» Task brief
Below are the records. Retype exactly the lines between the lines holding "y * hg_series (a" and "2 * \<delta>))", inclusive.
-.-.-
text \<open>With \<open>w\<^sub>\<alpha>(k) = hg_coef \<alpha> b c k y\<^sup>k\<close> one has
  \<open>w\<^sub>\<alpha>\<^sub>+\<^sub>\<delta>(k) = w\<^sub>\<alpha>(k) \<Gamma>(\<alpha>+k+\<delta>)\<Gamma>(\<alpha>) / (\<Gamma>(\<alpha>+k)\<Gamma>(\<alpha>+\<delta>))\<close>, so the claim is the positivity of a double
  series whose symmetrisation is termwise nonnegative because \<open>u \<mapsto> \<Gamma>(u+\<delta>)/\<Gamma>(u)\<close> increases.\<close>

lemma hg_series_cross_lower:
  fixes a a' b c y d :: real
  assumes bc: "c < b" "0 < c" and y: "0 < y" "y < 1" and a: "0 < a" "a < a'" and d: "0 < d"
  shows "Gamma_ratio d a / Gamma_ratio d a' * (hg_series (a + d) b c y * hg_series a' b c y)
           < hg_series (a' + d) b c y * hg_series a b c y"
proof -
  define w where "w \<alpha> k = hg_coef \<alpha> b c k * y ^ k" for \<alpha> k
  define m where "m = Gamma_ratio d"
  have m: "m u > 0" if "u > 0" for u using that d by (simp add: m_def Gamma_ratio_pos)
  have w: "w \<alpha> k > 0" if "\<alpha> > 0" for \<alpha> k using that bc y by (simp add: w_def hg_coef_pos)
  have ws: "w \<alpha> sums hg_series \<alpha> b c y" for \<alpha> unfolding w_def using y bc by (intro sums_hg_series) auto
  have wms: "(\<lambda>k. w \<alpha> k * m (\<alpha> + k)) sums (m \<alpha> * hg_series (\<alpha> + d) b c y)" if "\<alpha> > 0" for \<alpha>
  proof -
    have "w \<alpha> k * m (\<alpha> + k) = m \<alpha> * (hg_coef (\<alpha> + d) b c k * y ^ k)" for k
      using m[OF that] unfolding w_def hg_coef_def pochhammer_shift_Gamma_ratio[OF that d] m_def
      by (simp add: field_simps)
    then show ?thesis using sums_mult[OF ws[of "\<alpha> + d", unfolded w_def]] by simp
  qed
  have swap: "w a' k * w a j \<le> w a' j * w a k" if "k \<le> j" for k j
    unfolding w_def using a bc y that by (intro hg_terms_mult_le_swap) auto
  define Q where "Q p = w a' (fst p) * m (a' + fst p) * w a (snd p) - w a (fst p) * m (a + fst p) * w a' (snd p)" for p
  have "(Q has_sum (m a' * hg_series (a' + d) b c y * hg_series a b c y
                     - m a * hg_series (a + d) b c y * hg_series a' b c y)) UNIV"
    unfolding Q_def using a w m
    by (intro has_sum_diff[unfolded case_prod_unfold] has_sum_mult_nonneg[unfolded case_prod_unfold] wms ws)
      (auto intro: less_imp_le)
  moreover have "Q (k, j) + Q (j, k) \<ge> 0" for k j
  proof -
    have "0 \<le> (w a' k * m (a' + k) * w a j - w a k * m (a + k) * w a' j)
            + (w a' j * m (a' + j) * w a k - w a j * m (a + j) * w a' k)"
      using a w swap Gamma_ratio_strict_mono[OF d]
      by (intro symmetrized_cross_term_nonneg) (auto simp: m_def)
    then show ?thesis by (simp add: Q_def)
  qed
  moreover have "Q (0, 0) > 0" using Gamma_ratio_strict_mono[OF d a] by (simp add: Q_def w_def m_def)
  ultimately have "0 < m a' * hg_series (a' + d) b c y * hg_series a b c y
                     - m a * hg_series (a + d) b c y * hg_series a' b c y"
    by (rule has_sum_pos_of_symmetrization)
  then show ?thesis using m a by (simp add: m_def divide_less_eq mult_ac)
qed

lemma hg_series_cross_less:
  assumes bc: "c < b" "0 < c" and y: "0 < y" "y < 1" and a: "0 \<le> a" "a < a'" and \<delta>: "0 < \<delta>"
  shows "hg_series (a' + \<delta>) b c y * hg_series a b c y < hg_series (a + \<delta>) b c y * hg_series a' b c y"
proof -
  let ?d = "hg_cross_coef a a' b c \<delta>"
  have s: "(\<lambda>n. ?d n * y ^ n) sums (hg_series (a + \<delta>) b c y * hg_series a' b c y - hg_series (a' + \<delta>) b c y * hg_series a b c y)"
    using bc y by (intro sums_hg_cross_coef) auto
  have "?d n * y ^ n \<ge> 0" for n
    using hg_cross_coef_pos[OF a \<delta> bc, of n] hg_cross_coef_0 hg_cross_coef_1[OF bc(2)] y
    by (cases "n \<ge> 2") (auto simp: not_le less_2_cases_iff)
  then have "(\<Sum>n<3. ?d n * y ^ n) \<le> (\<Sum>n. ?d n * y ^ n)"
    by (intro sum_le_suminf sums_summable[OF s]) auto
  moreover have "(\<Sum>n<3. ?d n * y ^ n) = ?d 2 * y ^ 2"
    using hg_cross_coef_0 hg_cross_coef_1[OF bc(2)] by (simp add: numeral_3_eq_3 numeral_2_eq_2 lessThan_Suc power2_eq_square)
  moreover have "?d 2 * y ^ 2 > 0" using hg_cross_coef_pos[OF a \<delta> bc, of 2] y by simp
  ultimately show ?thesis using s by (simp add: sums_iff)
qed

lemma hg_series_log_concave:
  assumes "c < b" "0 < c" "0 < y" "y < 1" "0 \<le> a" "0 < \<delta>"
  shows "hg_series a b c y * hg_series (a + 2 * \<delta>) b c y \<le> hg_series (a + \<delta>) b c y ^ 2"
  using hg_series_cross_less[OF assms(1-5), of "a + \<delta>" \<delta>] assms
  by (simp add: power2_eq_square mult.commute add.assoc)

lemma hg_series_log_concave_reflected:
  assumes "c < b" "0 < c" "0 < y" "y < 1" "a + 2 * \<delta> \<le> c" "0 < \<delta>"
  shows "hg_series (c - a) b c y * hg_series (c - (a + 2 * \<delta>)) b c y \<le> hg_series (c - (a + \<delta>)) b c y ^ 2"
  using hg_series_log_concave[OF assms(1-4), of "c - a - 2 * \<delta>" \<delta>] assms
  by (simp add: algebra_simps)

lemma hg_series_ratio_bounds:
  assumes bc: "c < b" "0 < c" and y: "0 < y" "y < 1" and a: "0 < a" "a < a'" and \<delta>: "0 < \<delta>"
  shows "Gamma (a + \<delta>) * Gamma a' / (Gamma a * Gamma (a' + \<delta>)) <
           (hg_series (a' + \<delta>) b c y * hg_series a b c y) / (hg_series (a + \<delta>) b c y * hg_series a' b c y)
         \<and> (hg_series (a' + \<delta>) b c y * hg_series a b c y) / (hg_series (a + \<delta>) b c y * hg_series a' b c y) < 1"
proof -
  have "hg_series (a + \<delta>) b c y * hg_series a' b c y > 0"
    using hg_series_pos[of c b "a + \<delta>" y] hg_series_pos[of c b a' y] bc a \<delta> y by simp
  moreover have "Gamma (a + \<delta>) * Gamma a' / (Gamma a * Gamma (a' + \<delta>)) = Gamma_ratio \<delta> a / Gamma_ratio \<delta> a'"
    using a \<delta> by (simp add: Gamma_ratio_def field_simps)
  ultimately show ?thesis
    using hg_series_cross_less[OF bc y _ a(2) \<delta>] hg_series_cross_lower[OF bc y a \<delta>] a
    by (simp add: divide_less_eq less_divide_eq)
qed

lemma hg_series_ratio_bounds_reflected:
  assumes bc: "c < b" "0 < c" and y: "0 < y" "y < 1" and a: "a' < c - \<delta>" "a < a'" and \<delta>: "0 < \<delta>"
  shows "Gamma (c - a - \<delta>) * Gamma (c - a') / (Gamma (c - a) * Gamma (c - a' - \<delta>)) <
           (hg_series (c - (a' + \<delta>)) b c y * hg_series (c - a) b c y) / (hg_series (c - (a + \<delta>)) b c y * hg_series (c - a') b c y)
         \<and> (hg_series (c - (a' + \<delta>)) b c y * hg_series (c - a) b c y) / (hg_series (c - (a + \<delta>)) b c y * hg_series (c - a') b c y) < 1"
  using hg_series_ratio_bounds[OF bc y, of "c - a' - \<delta>" "c - a - \<delta>" \<delta>] a \<delta>
  by (simp add: algebra_simps)

section \<open>Transfer to \<open>hyp2f1\<close>\<close>

text \<open>The other parameter ranges reduce to \<open>b > c > 0\<close>, \<open>0 < y < 1\<close> by Euler's and Pfaff's
  transformations, which change \<open>a\<close> into \<open>c - a\<close> and/or \<open>b\<close> into \<open>c - b\<close> at the price of factors
  \<open>q powr e(a)\<close> with \<open>e\<close> affine in \<open>a\<close>; such factors are log-linear in \<open>a\<close>, so they drop out.\<close>

lemma log_concave_scaled:
  fixes k1 k2 k3 G1 G2 G3 :: real
  assumes "G1 * G3 \<le> G2 ^ 2" "k1 * k3 = k2 ^ 2"
  shows "(k1 * G1) * (k3 * G3) \<le> (k2 * G2) ^ 2"
proof -
  have "(k1 * G1) * (k3 * G3) = k2 ^ 2 * (G1 * G3)" using assms(2) by (simp add: mult_ac)
  also have "\<dots> \<le> k2 ^ 2 * G2 ^ 2" using assms(1) by (intro mult_left_mono) auto
  finally show ?thesis by (simp add: power_mult_distrib)
qed

lemma cross_ratio_scaled:
  fixes k1 k2 k3 k4 g1 g2 g3 g4 :: real
  assumes "k1 * k2 = k3 * k4" "k3 * k4 \<noteq> 0"
  shows "(k1 * g1) * (k2 * g2) / ((k3 * g3) * (k4 * g4)) = g1 * g2 / (g3 * g4)"
  using assms by (simp add: mult_ac)

lemma powr_mult_powr_square: "e1 + e3 = e2 + e2 \<Longrightarrow> (q::real) powr e1 * q powr e3 = (q powr e2) ^ 2"
  by (simp add: power2_eq_square powr_add[symmetric])

lemma powr_mult_powr_eq: "e1 + e2 = e3 + e4 \<Longrightarrow> (q::real) powr e1 * q powr e2 = q powr e3 * q powr e4"
  by (simp add: powr_add[symmetric])

lemma hyp2f1_cross_difference_expansion:
  assumes "a < a'" "0 \<le> a" "c < b" "0 < c" "0 < \<delta>"
  shows "\<exists>d :: nat \<Rightarrow> real.
           (\<forall>x::real. \<bar>x\<bar> < 1 \<longrightarrow> (\<lambda>n. d n * x ^ n) sums
              (hyp2f1 (a + \<delta>) b c x * hyp2f1 a' b c x - hyp2f1 (a' + \<delta>) b c x * hyp2f1 a b c x))
           \<and> d 0 = 0 \<and> d 1 = 0 \<and> (\<forall>n\<ge>2. d n > 0)"
proof (intro exI[of _ "hg_cross_coef a a' b c \<delta>"] conjI allI impI)
  fix x :: real assume "\<bar>x\<bar> < 1"
  then show "(\<lambda>n. hg_cross_coef a a' b c \<delta> n * x ^ n) sums
      (hyp2f1 (a + \<delta>) b c x * hyp2f1 a' b c x - hyp2f1 (a' + \<delta>) b c x * hyp2f1 a b c x)"
    using sums_hg_cross_coef[of c x] assms by (simp add: hyp2f1_eq_hg_series)
qed (use assms hg_cross_coef_0 hg_cross_coef_1 hg_cross_coef_pos in auto)
lemma card_hub_marks: "card hub_marks + 3 \<le> 2 * k"
proof -
  let ?I = "{i. 1 \<le> i \<and> i < n \<and> crossing_at N ET X hub_node i (Suc i)}"
  have "card (X hub_node) > 0" using hub_node finite_bag[OF hub_node(1)] card_gt_0_iff by blast
  then have "card (X hub_node - {0}) + 2 \<le> k"
    using thin[OF hub_node(1)] hub_node(2) by simp
  moreover have "card ?I < k"
  proof -
    have "card ?I = card ((\<lambda>i. {i, Suc i}) ` ?I)"
      by (rule card_image[symmetric]) (auto simp: inj_on_def doubleton_eq_iff)
    also have "\<dots> \<le> cross (fan n) N ET X hub_node"
      by (rule card_le_cross[OF finite_fan_edges]) (auto intro: fan_path_edge)
    also have "\<dots> < k" by (rule few_crossings[OF hub_node(1)])
    finally show ?thesis .
  qed
  moreover have "card hub_marks \<le> card (X hub_node - {0}) + card ?I"
    unfolding hub_marks_def by (rule card_Un_le)
  ultimately show ?thesis by linarith
qed

theorem fan_size_bound: "n < (2 * k - 2) * (2 * k - 1)"
proof (rule ccontr)
  assume "\<not> n < (2 * k - 2) * (2 * k - 1)"
  define p where "p = 2 * k - 1"
  with \<open>\<not> n < _\<close> have long: "(2 * k - 2) * p \<le> n" by simp
  have "2 * k - 2 \<le> card hub_marks"
  proof (rule card_ge_if_meets_blocks)
    show "finite hub_marks" unfolding hub_marks_def using finite_bag[OF hub_node(1)] by simp
    fix j assume "j < 2 * k - 2"
    then have "(j + 1) * p \<le> (2 * k - 2) * p" by (intro mult_le_mono1) simp
    with long have "1 + j * p + p \<le> n + 1" by simp
    then show "\<exists>v\<in>hub_marks. 1 + j * p \<le> v \<and> v < 1 + j * p + p"
      using long_segment_marked[of "1 + j * p"] unfolding p_def by simp
  qed
  with card_hub_marks show False by simp
qed
(* If $R$ is a GSWNC ring, then its Jacobson radical $J(R)$ is nil.
   Context: All rings are associative with identity. An element $a$ of a ring is strongly weakly nil-clean if there exist an idempotent $e$ and a nilpotent $q$ with $eq = qe$ such that $a = q + e$ or $a = q - e$. A ring is GSWNC if every non-invertible element is strongly weakly nil-clean. *)

theory Defs
  imports Main
begin

definition ring_unit :: "'a::ring_1 \<Rightarrow> bool" where
  "ring_unit a \<longleftrightarrow> (\<exists>b. a * b = 1 \<and> b * a = 1)"

definition idem_elt :: "'a::ring_1 \<Rightarrow> bool" where
  "idem_elt e \<longleftrightarrow> e * e = e"

definition nilpotent_elt :: "'a::ring_1 \<Rightarrow> bool" where
  "nilpotent_elt q \<longleftrightarrow> (\<exists>n::nat. q ^ n = 0)"

definition strongly_weakly_nil_clean :: "'a::ring_1 \<Rightarrow> bool" where
  "strongly_weakly_nil_clean a \<longleftrightarrow>
     (\<exists>e q. idem_elt e \<and> nilpotent_elt q \<and> e * q = q * e \<and> (a = q + e \<or> a = q - e))"

definition GSWNC :: "'a::ring_1 itself \<Rightarrow> bool" where
  "GSWNC (_ :: 'a itself) \<longleftrightarrow>
     (\<forall>a::'a. \<not> ring_unit a \<longrightarrow> strongly_weakly_nil_clean a)"

definition left_ideal :: "'a::ring_1 set \<Rightarrow> bool" where
  "left_ideal I \<longleftrightarrow> 0 \<in> I \<and> (\<forall>x\<in>I. \<forall>y\<in>I. x + y \<in> I) \<and> (\<forall>x\<in>I. - x \<in> I)
     \<and> (\<forall>r x. x \<in> I \<longrightarrow> r * x \<in> I)"

definition maximal_left_ideal :: "'a::ring_1 set \<Rightarrow> bool" where
  "maximal_left_ideal M \<longleftrightarrow> left_ideal M \<and> M \<noteq> UNIV \<and>
     (\<forall>I. left_ideal I \<and> M \<subseteq> I \<longrightarrow> I = M \<or> I = UNIV)"

definition jacobson_radical :: "'a::ring_1 set" where
  "jacobson_radical = \<Inter> {M. maximal_left_ideal M}"

definition nil_set :: "'a::ring_1 set \<Rightarrow> bool" where
  "nil_set S \<longleftrightarrow> (\<forall>x\<in>S. nilpotent_elt x)"

end

theory Submission
  imports Defs
begin

text \<open>Every element \<open>x\<close> of the Jacobson radical makes \<open>1 - x\<close> left invertible
  (otherwise \<open>R(1 - x)\<close> lies in a maximal left ideal, which also contains \<open>x\<close>), so the
  radical contains no idempotent other than \<open>0\<close> and no unit unless \<open>R\<close> is trivial.
  A non-unit \<open>x = q \<plusminus> e\<close> of the radical with \<open>eq = qe\<close> has \<open>e = (1 \<plusminus> q)\<^sup>-\<^sup>1 e (\<plusminus>x)\<close>
  in the radical, hence \<open>e = 0\<close> and \<open>x = q\<close> is nilpotent.\<close>

lemma one_minus_mult_geometric_sum:
  fixes x :: "'a::ring_1"
  shows "(1 - x) * (\<Sum>i<n. x ^ i) = 1 - x ^ n"
proof (induction n)
  case (Suc n)
  have "(1 - x) * (\<Sum>i<Suc n. x ^ i) = (1 - x) * (\<Sum>i<n. x ^ i) + (1 - x) * x ^ n"
    by (simp add: distrib_left)
  also have "\<dots> = 1 - x * x ^ n" using Suc by (simp add: algebra_simps)
  finally show ?case by simp
qed simp

lemma geometric_sum_mult_one_minus:
  fixes x :: "'a::ring_1"
  shows "(\<Sum>i<n. x ^ i) * (1 - x) = 1 - x ^ n"
proof (induction n)
  case (Suc n)
  have "(\<Sum>i<Suc n. x ^ i) * (1 - x) = (\<Sum>i<n. x ^ i) * (1 - x) + x ^ n * (1 - x)"
    by (simp add: distrib_right)
  also have "\<dots> = 1 - x ^ n * x" using Suc by (simp add: algebra_simps)
  finally show ?case by (simp add: power_commutes)
qed simp

lemma nilpotent_elt_uminus:
  fixes q :: "'a::ring_1"
  assumes "nilpotent_elt q"
  shows "nilpotent_elt (- q)"
  using assms unfolding nilpotent_elt_def by (metis mult_zero_right power_minus)

lemma nilpotent_elt_imp_ring_unit_one_plus:
  fixes q :: "'a::ring_1"
  assumes "nilpotent_elt q"
  shows "ring_unit (1 + q)"
proof -
  obtain n where "(- q) ^ n = 0"
    using nilpotent_elt_uminus[OF assms] unfolding nilpotent_elt_def by blast
  then have "(1 + q) * (\<Sum>i<n. (- q) ^ i) = 1" "(\<Sum>i<n. (- q) ^ i) * (1 + q) = 1"
    using one_minus_mult_geometric_sum[of "- q" n] geometric_sum_mult_one_minus[of "- q" n]
    by simp_all
  then show ?thesis unfolding ring_unit_def by blast
qed

lemma left_ideal_left_multiples: "left_ideal {r * a | r. True}"
  unfolding left_ideal_def
proof (intro conjI ballI allI impI)
  show "0 \<in> {r * a | r. True}" by (metis (mono_tags) mem_Collect_eq mult_zero_left)
next
  fix x y assume "x \<in> {r * a | r. True}" "y \<in> {r * a | r. True}"
  then obtain r s where "x + y = (r + s) * a" by (auto simp: distrib_right)
  then show "x + y \<in> {r * a | r. True}" by blast
next
  fix x assume "x \<in> {r * a | r. True}"
  then obtain r where "- x = (- r) * a" by auto
  then show "- x \<in> {r * a | r. True}" by blast
next
  fix t x assume "x \<in> {r * a | r. True}"
  then obtain r where "t * x = (t * r) * a" by (auto simp: mult.assoc)
  then show "t * x \<in> {r * a | r. True}" by blast
qed

lemma left_ideal_Union_chain:
  assumes "C \<noteq> {}" and "\<And>I. I \<in> C \<Longrightarrow> left_ideal I"
    and "\<And>I K. I \<in> C \<Longrightarrow> K \<in> C \<Longrightarrow> I \<subseteq> K \<or> K \<subseteq> I"
  shows "left_ideal (\<Union>C)"
  unfolding left_ideal_def
proof (intro conjI ballI allI impI)
  show "0 \<in> \<Union>C" using assms(1,2) unfolding left_ideal_def by blast
next
  fix a b assume "a \<in> \<Union>C" "b \<in> \<Union>C"
  then obtain I where "I \<in> C" "a \<in> I" "b \<in> I" using assms(3) by blast
  then show "a + b \<in> \<Union>C" using assms(2) unfolding left_ideal_def by blast
qed (use assms(2) in \<open>unfold left_ideal_def, blast+\<close>)

lemma left_ideal_one_imp_UNIV:
  assumes "left_ideal I" and "1 \<in> I"
  shows "I = UNIV"
  using assms unfolding left_ideal_def by (metis UNIV_eq_I mult.right_neutral)

lemma left_ideal_imp_maximal_left_ideal:
  assumes "left_ideal I" and "1 \<notin> I"
  obtains M where "maximal_left_ideal M" and "I \<subseteq> M"
proof -
  define A where "A = {K. left_ideal K \<and> I \<subseteq> K \<and> 1 \<notin> K}"
  have "\<exists>M\<in>A. \<forall>K\<in>A. M \<subseteq> K \<longrightarrow> K = M"
  proof (rule subset_Zorn_nonempty)
    show "A \<noteq> {}" using assms unfolding A_def by blast
  next
    fix C assume "C \<noteq> {}" and "subset.chain A C"
    then show "\<Union>C \<in> A"
      using left_ideal_Union_chain[of C] unfolding A_def subset.chain_def by blast
  qed
  then obtain M where "M \<in> A" and M_max: "\<forall>K\<in>A. M \<subseteq> K \<longrightarrow> K = M" by blast
  have "maximal_left_ideal M"
    unfolding maximal_left_ideal_def
  proof (intro conjI allI impI)
    show "left_ideal M" and "M \<noteq> UNIV" using \<open>M \<in> A\<close> unfolding A_def by auto
    fix K assume "left_ideal K \<and> M \<subseteq> K"
    then show "K = M \<or> K = UNIV"
      using M_max \<open>M \<in> A\<close> left_ideal_one_imp_UNIV[of K] unfolding A_def by blast
  qed
  with \<open>M \<in> A\<close> show thesis using that unfolding A_def by blast
qed

lemma left_ideal_jacobson_radical: "left_ideal (jacobson_radical :: 'a::ring_1 set)"
  unfolding left_ideal_def jacobson_radical_def maximal_left_ideal_def by auto

lemma jacobson_radical_mult_left:
  "x \<in> jacobson_radical \<Longrightarrow> r * x \<in> jacobson_radical"
  using left_ideal_jacobson_radical unfolding left_ideal_def by blast

lemma jacobson_radical_uminus:
  "x \<in> jacobson_radical \<Longrightarrow> - x \<in> jacobson_radical"
  using left_ideal_jacobson_radical unfolding left_ideal_def by blast

lemma jacobson_radical_one_minus_left_invertible:
  fixes x :: "'a::ring_1"
  assumes "x \<in> jacobson_radical"
  shows "\<exists>y. y * (1 - x) = 1"
proof (rule ccontr)
  assume no_inverse: "\<nexists>y. y * (1 - x) = 1"
  let ?L = "{r * (1 - x) | r. True}"
  have "1 \<notin> ?L"
  proof
    assume "1 \<in> ?L"
    then obtain r where "1 = r * (1 - x)" by blast
    with no_inverse show False by metis
  qed
  then obtain M where M: "maximal_left_ideal M" and "?L \<subseteq> M"
    using left_ideal_imp_maximal_left_ideal[OF left_ideal_left_multiples] by blast
  moreover have "1 - x \<in> ?L" by (rule CollectI, rule exI[of _ 1], simp)
  ultimately have "1 - x \<in> M" by blast
  moreover have "x \<in> M" using assms M unfolding jacobson_radical_def by blast
  moreover have M_ideal: "left_ideal M" using M unfolding maximal_left_ideal_def by blast
  ultimately have "(1 - x) + x \<in> M" unfolding left_ideal_def by blast
  then have "M = UNIV" using left_ideal_one_imp_UNIV[OF M_ideal] by simp
  then show False using M unfolding maximal_left_ideal_def by blast
qed

lemma idempotent_in_jacobson_radical_eq_0:
  fixes e :: "'a::ring_1"
  assumes "e \<in> jacobson_radical" and "idem_elt e"
  shows "e = 0"
proof -
  obtain y where y: "y * (1 - e) = 1"
    using jacobson_radical_one_minus_left_invertible[OF assms(1)] by blast
  have "(1 - e) * e = 0" using assms(2) unfolding idem_elt_def by (simp add: algebra_simps)
  then have "(y * (1 - e)) * e = 0" by (simp add: mult.assoc)
  then show ?thesis using y by simp
qed

lemma ring_unit_in_jacobson_radical_eq_0:
  fixes x :: "'a::ring_1"
  assumes "x \<in> jacobson_radical" and "ring_unit x"
  shows "x = 0"
proof -
  obtain b where "b * x = 1" using assms(2) unfolding ring_unit_def by blast
  then have "(1::'a) \<in> jacobson_radical" using jacobson_radical_mult_left[OF assms(1)] by metis
  then have "(1::'a) = 0" using idempotent_in_jacobson_radical_eq_0[of 1] unfolding idem_elt_def by simp
  then show ?thesis by (metis mult_1 mult_zero_left)
qed

lemma strongly_nil_clean_in_jacobson_radical_idempotent_eq_0:
  fixes x :: "'a::ring_1"
  assumes "x \<in> jacobson_radical" and "idem_elt e" and "nilpotent_elt q"
    and "e * q = q * e" and "x = q + e"
  shows "e = 0"
proof -
  obtain w where w: "w * (1 + q) = 1"
    using nilpotent_elt_imp_ring_unit_one_plus[OF assms(3)] unfolding ring_unit_def by blast
  have "e * x = e * (1 + q)" using assms(2,5) unfolding idem_elt_def by (simp add: algebra_simps)
  also have "\<dots> = (1 + q) * e" using assms(4) by (simp add: algebra_simps)
  finally have "w * (e * x) = e" using w by (simp add: mult.assoc[symmetric])
  then have "e \<in> jacobson_radical"
    using jacobson_radical_mult_left[OF jacobson_radical_mult_left[OF assms(1)]] by metis
  then show ?thesis using idempotent_in_jacobson_radical_eq_0 assms(2) by blast
qed

theorem lemma2p10:
  assumes "GSWNC TYPE('a::ring_1)"
  shows "nil_set (jacobson_radical :: 'a set)"
  unfolding nil_set_def
proof
  fix x :: 'a assume x: "x \<in> jacobson_radical"
  show "nilpotent_elt x"
  proof (cases "ring_unit x")
    case True
    then show ?thesis using ring_unit_in_jacobson_radical_eq_0[OF x]
      unfolding nilpotent_elt_def by (metis power_one_right)
  next
    case False
    then obtain e q where e: "idem_elt e" and q: "nilpotent_elt q" and commute: "e * q = q * e"
      and "x = q + e \<or> - x = - q + e"
      using assms unfolding GSWNC_def strongly_weakly_nil_clean_def by force
    then consider "x = q + e" | "- x = - q + e" by blast
    then show ?thesis
    proof cases
      case 1
      then show ?thesis using strongly_nil_clean_in_jacobson_radical_idempotent_eq_0[OF x e q commute] q
        by simp
    next
      case 2
      then have "e = 0"
        using strongly_nil_clean_in_jacobson_radical_idempotent_eq_0[OF jacobson_radical_uminus[OF x] e
            nilpotent_elt_uminus[OF q]] commute by simp
      then show ?thesis using 2 q by simp
    qed
  qed
qed

end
-.-.-
» Answer area
  shows "hg_series a b c y * hg_series (a + 2 * \<delta>) b c y \<le> hg_series (a + \<delta>) b c y ^ 2"
  using hg_series_cross_less[OF assms(1-5), of "a + \<delta>" \<delta>] assms
  by (simp add: power2_eq_square mult.commute add.assoc)

lemma hg_series_log_concave_reflected:
  assumes "c < b" "0 < c" "0 < y" "y < 1" "a + 2 * \<delta> \<le> c" "0 < \<delta>"
  shows "hg_series (c - a) b c y * hg_series (c - (a + 2 * \<delta>)) b c y \<le> hg_series (c - (a + \<delta>)) b c y ^ 2"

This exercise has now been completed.